* _Provided entries_:
lemma strictly_inadmissible_if_certificate:
  assumes "certificate n s u gens"
  shows "strictly_inadmissible (length u) (mono_of u)"
proof -
  let ?k = "length u" and ?S = "set (Sq_sum gens)"
  have u: "\<forall>x\<in>set u. x < 2 ^ Suc s" "0 < list_omega u (Suc s)" "u \<in> ?S"
    and gens: "\<forall>(i, w)\<in>set gens. length w = ?k \<and> 0 < i \<and> i \<le> 2 ^ s"
    and smaller: "\<forall>v\<in>?S. (\<forall>x\<in>set v. x < 2 ^ n) \<and>
        (v \<noteq> u \<longrightarrow> sum_list v = sum_list u \<and> list_less n v u)"
    using assms by (simp_all add: certificate_def)
  have "\<forall>(i, w)\<in>set gens. length w = ?k"
    using gens by fast
  then have lengths: "?S \<subseteq> {xs. length xs = ?k}"
    using length_Sq_sum by blast
  define vs where "vs = remdups (filter (\<lambda>v. v \<noteq> u) (Sq_sum gens))"
  have set_vs: "set vs = ?S - {u}"
    by (auto simp: vs_def)
  have "inj_on mono_of (set vs)"
    using set_vs lengths by (blast intro: inj_on_subset[OF inj_on_mono_of])
  then have "distinct (map mono_of vs)"
    by (simp add: vs_def distinct_map)
  then have "padd {mono_of u} (psum (map mono_of vs)) = padd (mono_of ` {u}) (mono_of ` set vs)"
    by (simp add: psum_distinct)
  also have "\<dots> = mono_of ` ?S"
  proof -
    have "({u} - set vs) \<union> (set vs - {u}) = ?S"
      using set_vs u(3) by blast
    moreover have "padd (mono_of ` {u}) (mono_of ` set vs) = mono_of ` (({u} - set vs) \<union> (set vs - {u}))"
      using set_vs lengths u(3) by (intro padd_image_mono_of) auto
    ultimately show ?thesis
      by simp
  qed
  also have "\<dots> \<in> hit ?k (max_s ?k (mono_of u) - 1)"
    using Sq_sum_in_hit[OF gens] max_s_mono_of[OF refl u(1) _ u(2)] by simp
  finally have "padd {mono_of u} (psum (map mono_of vs)) \<in> hit ?k (max_s ?k (mono_of u) - 1)" .
  moreover have "is_mono ?k v \<and> mdeg ?k v = mdeg ?k (mono_of u) \<and> mono_less ?k v (mono_of u)"
    if v: "v \<in> set (map mono_of vs)" for v
  proof -
    obtain w where w: "v = mono_of w" "w \<in> ?S" "w \<noteq> u"
      using v set_vs by auto
    have len: "length w = ?k"
      using w(2) lengths by auto
    have "sum_list w = sum_list u" "list_less n w u"
      "\<forall>x\<in>set w. x < 2 ^ n" "\<forall>x\<in>set u. x < 2 ^ n"
      using smaller w(2,3) u(3) by auto
    then show ?thesis
      using is_mono_mono_of[OF len] mdeg_mono_of[OF len] mdeg_mono_of[OF refl, of u]
        mono_less_mono_of[OF len refl] w(1) by simp
  qed
  ultimately show ?thesis
    unfolding strictly_inadmissible_def by blast
qed
(* Let $S$ take values in a finite set $\mathcal{S}$ with $P(s)>0$ for all $s$, and let $\mathbf{R}$ take values in a finite set $\mathcal{R}$, with joint distribution $P(s,\mathbf{r})$. Let $Q=(Q(\hat{\mathbf{r}}|\mathbf{r}))_{\mathbf{r},\hat{\mathbf{r}}\in\mathcal{R}}$ be a right stochastic matrix (rows and columns both indexed by $\mathcal{R}$ in the same order) that is idempotent ($Q^2=Q$) and has strictly positive diagonal, and let $\hat{\mathbf{R}}$ be the stochastic code with $P(\hat{\mathbf{r}}|s)=\sum_{\mathbf{r}}P(\mathbf{r}|s)Q(\hat{\mathbf{r}}|\mathbf{r})$. Suppose $g$ is a deterministic function such that $\bar{\mathbf{R}}=g(\hat{\mathbf{R}})$ satisfies $I(S;\bar{\mathbf{R}})=I(S;\hat{\mathbf{R}})$. Then $$\Delta I(\mathbf{R},\hat{\mathbf{R}})=\Delta I(\mathbf{R},\bar{\mathbf{R}})=\Delta I_D=\Delta I_{DL},\quad \Delta I(\mathbf{R},\hat{\mathbf{S}})=\Delta I_{LS},\quad \Delta I(\mathbf{R},\hat{S})=\Delta I_B,\quad \Delta A(\mathbf{R},\hat{\mathbf{R}})=\Delta A_B,$$ with all quantities as defined in the context.
   Context: $I(S;X)=\sum_{s,x}P(s,x)\log\frac{P(s|x)}{P(s)}$ denotes mutual information, with conventions $0\log0=0$. For codes $X,Y$ taking values in $\mathcal{R}$, an optimal decoder constructed with $Y$ and operated on $X$ maps $x$ to $\arg\max_s P(S=s|Y=x)$ (ties broken by a fixed rule); its accuracy above chance is $A^{X}_{Y}=\sum_s P(S=s,\hat S=s)-\max_s P(s)$, where $\hat S$ is the decoder output when the input is $X$. Likewise the sorted list associated with $Y$ and operated on $X$ maps $x$ to the list of stimuli sorted in decreasing order of $P(S=s|Y=x)$ (fixed tie-breaking rule). Encoding-oriented measures: $\Delta I(\mathbf{R},\hat{\mathbf{R}})=I(S;\mathbf{R})-I(S;\hat{\mathbf{R}})$; $\Delta I(\mathbf{R},\bar{\mathbf{R}})=I(S;\mathbf{R})-I(S;\bar{\mathbf{R}})$; $\Delta I(\mathbf{R},\hat{\mathbf{S}})=I(S;\mathbf{R})-I(S;\hat{\mathbf{S}})$ where $\hat{\mathbf{S}}$ is the sorted list constructed with $\hat{\mathbf{R}}$ and operated on $\hat{\mathbf{R}}$; $\Delta I(\mathbf{R},\hat S)=I(S;\mathbf{R})-I(S;\hat S)$ where $\hat S$ is the optimal decoder output constructed with $\hat{\mathbf{R}}$ and operated on $\hat{\mathbf{R}}$; $\Delta A(\mathbf{R},\hat{\mathbf{R}})=A^{\mathbf{R}}_{\mathbf{R}}-A^{\hat{\mathbf{R}}}_{\hat{\mathbf{R}}}$. Decoding-oriented measures: $\Delta I_D=\sum_{s,\mathbf{r}}P(s,\mathbf{r})\ln\frac{P(s|\mathbf{r})}{P(S=s|\hat{\mathbf{R}}=\mathbf{r})}$; $\Delta I_{DL}=\min_{\theta\in\mathbb{R}}\sum_{s,\mathbf{r}}P(s,\mathbf{r})\ln\frac{P(s|\mathbf{r})}{P(s|\hat{\mathbf{R}}=\mathbf{r},\theta)}$, where $P(s|\hat{\mathbf{r}},\theta)$ is proportional (normalized over $s$) to: $P(s)$ if there exist $s',\bar{\mathbf{r}}$ with $P(\mathbf{R}=\bar{\mathbf{r}}|S=s')>P(\hat{\mathbf{R}}=\bar{\mathbf{r}}|S=s')=0$; $0$ if $P(\hat{\mathbf{R}}=\hat{\mathbf{r}}|S=s)=P(\mathbf{R}=\hat{\mathbf{r}}|S=s)=0$ holds for this $s$ but not for all stimuli; and $P(s)P(\hat{\mathbf{R}}=\hat{\mathbf{r}}|S=s)^{\theta}$ otherwise; $\Delta I_{LS}=I(S;\mathbf{R})-I(S;\mathbf{L})$ where $\mathbf{L}$ is the sorted list constructed with $\hat{\mathbf{R}}$ and operated on $\mathbf{R}$; $\Delta I_B=I(S;\mathbf{R})-I(S;\tilde S)$ where $\tilde S$ is the optimal decoder output constructed with $\hat{\mathbf{R}}$ and operated on $\mathbf{R}$; $\Delta A_B=A^{\mathbf{R}}_{\mathbf{R}}-A^{\mathbf{R}}_{\hat{\mathbf{R}}}$ (decoder constructed with $\hat{\mathbf{R}}$, operated on $\mathbf{R}$). *)

theory Defs
  imports Complex_Main
begin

* _What you will do_: Repeat each line of the data above, exactly as it appears, from the first through the line that contains "using length_Sq_sum by blast".

* _Exercise result_:
lemma strictly_inadmissible_if_certificate:
  assumes "certificate n s u gens"
  shows "strictly_inadmissible (length u) (mono_of u)"
proof -
  let ?k = "length u" and ?S = "set (Sq_sum gens)"
  have u: "\<forall>x\<in>set u. x < 2 ^ Suc s" "0 < list_omega u (Suc s)" "u \<in> ?S"
    and gens: "\<forall>(i, w)\<in>set gens. length w = ?k \<and> 0 < i \<and> i \<le> 2 ^ s"
    and smaller: "\<forall>v\<in>?S. (\<forall>x\<in>set v. x < 2 ^ n) \<and>
        (v \<noteq> u \<longrightarrow> sum_list v = sum_list u \<and> list_less n v u)"
    using assms by (simp_all add: certificate_def)
  have "\<forall>(i, w)\<in>set gens. length w = ?k"
    using gens by fast
  then have lengths: "?S \<subseteq> {xs. length xs = ?k}"
    using length_Sq_sum by blast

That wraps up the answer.